┏━━

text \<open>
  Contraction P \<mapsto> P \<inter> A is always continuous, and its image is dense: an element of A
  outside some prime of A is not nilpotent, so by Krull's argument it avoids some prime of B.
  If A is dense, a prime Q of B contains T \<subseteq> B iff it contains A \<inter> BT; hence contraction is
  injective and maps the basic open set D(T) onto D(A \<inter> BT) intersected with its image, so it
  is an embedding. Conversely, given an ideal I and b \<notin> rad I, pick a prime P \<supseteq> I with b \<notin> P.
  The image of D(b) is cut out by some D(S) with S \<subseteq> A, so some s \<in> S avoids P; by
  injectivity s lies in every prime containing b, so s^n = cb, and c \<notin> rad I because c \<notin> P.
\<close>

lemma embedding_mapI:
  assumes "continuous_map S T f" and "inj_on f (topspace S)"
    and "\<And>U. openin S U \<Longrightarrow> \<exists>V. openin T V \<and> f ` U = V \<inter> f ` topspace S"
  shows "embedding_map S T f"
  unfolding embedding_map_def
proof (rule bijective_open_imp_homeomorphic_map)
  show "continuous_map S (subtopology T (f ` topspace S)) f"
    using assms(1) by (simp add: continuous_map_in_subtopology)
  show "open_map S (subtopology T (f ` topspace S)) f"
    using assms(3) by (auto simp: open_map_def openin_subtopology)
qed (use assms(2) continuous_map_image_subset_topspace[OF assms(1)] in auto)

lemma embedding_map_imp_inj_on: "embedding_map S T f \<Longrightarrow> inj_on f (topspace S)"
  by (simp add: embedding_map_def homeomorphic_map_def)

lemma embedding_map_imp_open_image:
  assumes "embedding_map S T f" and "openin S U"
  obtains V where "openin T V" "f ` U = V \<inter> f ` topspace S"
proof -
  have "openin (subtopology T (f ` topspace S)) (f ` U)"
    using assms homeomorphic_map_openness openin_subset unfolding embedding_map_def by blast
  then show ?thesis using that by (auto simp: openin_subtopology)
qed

┗━━

• **EXERCISE PROMPT**: From the data above, copy each line with the string "inter" in it.

• **PROBLEM SOLUTION**:
  Contraction P \<mapsto> P \<inter> A is always continuous, and its image is dense: an element of A
  If A is dense, a prime Q of B contains T \<subseteq> B iff it contains A \<inter> BT; hence contraction is
  injective and maps the basic open set D(T) onto D(A \<inter> BT) intersected with its image, so it
    and "\<And>U. openin S U \<Longrightarrow> \<exists>V. openin T V \<and> f ` U = V \<inter> f ` topspace S"
  obtains V where "openin T V" "f ` U = V \<inter> f ` topspace S"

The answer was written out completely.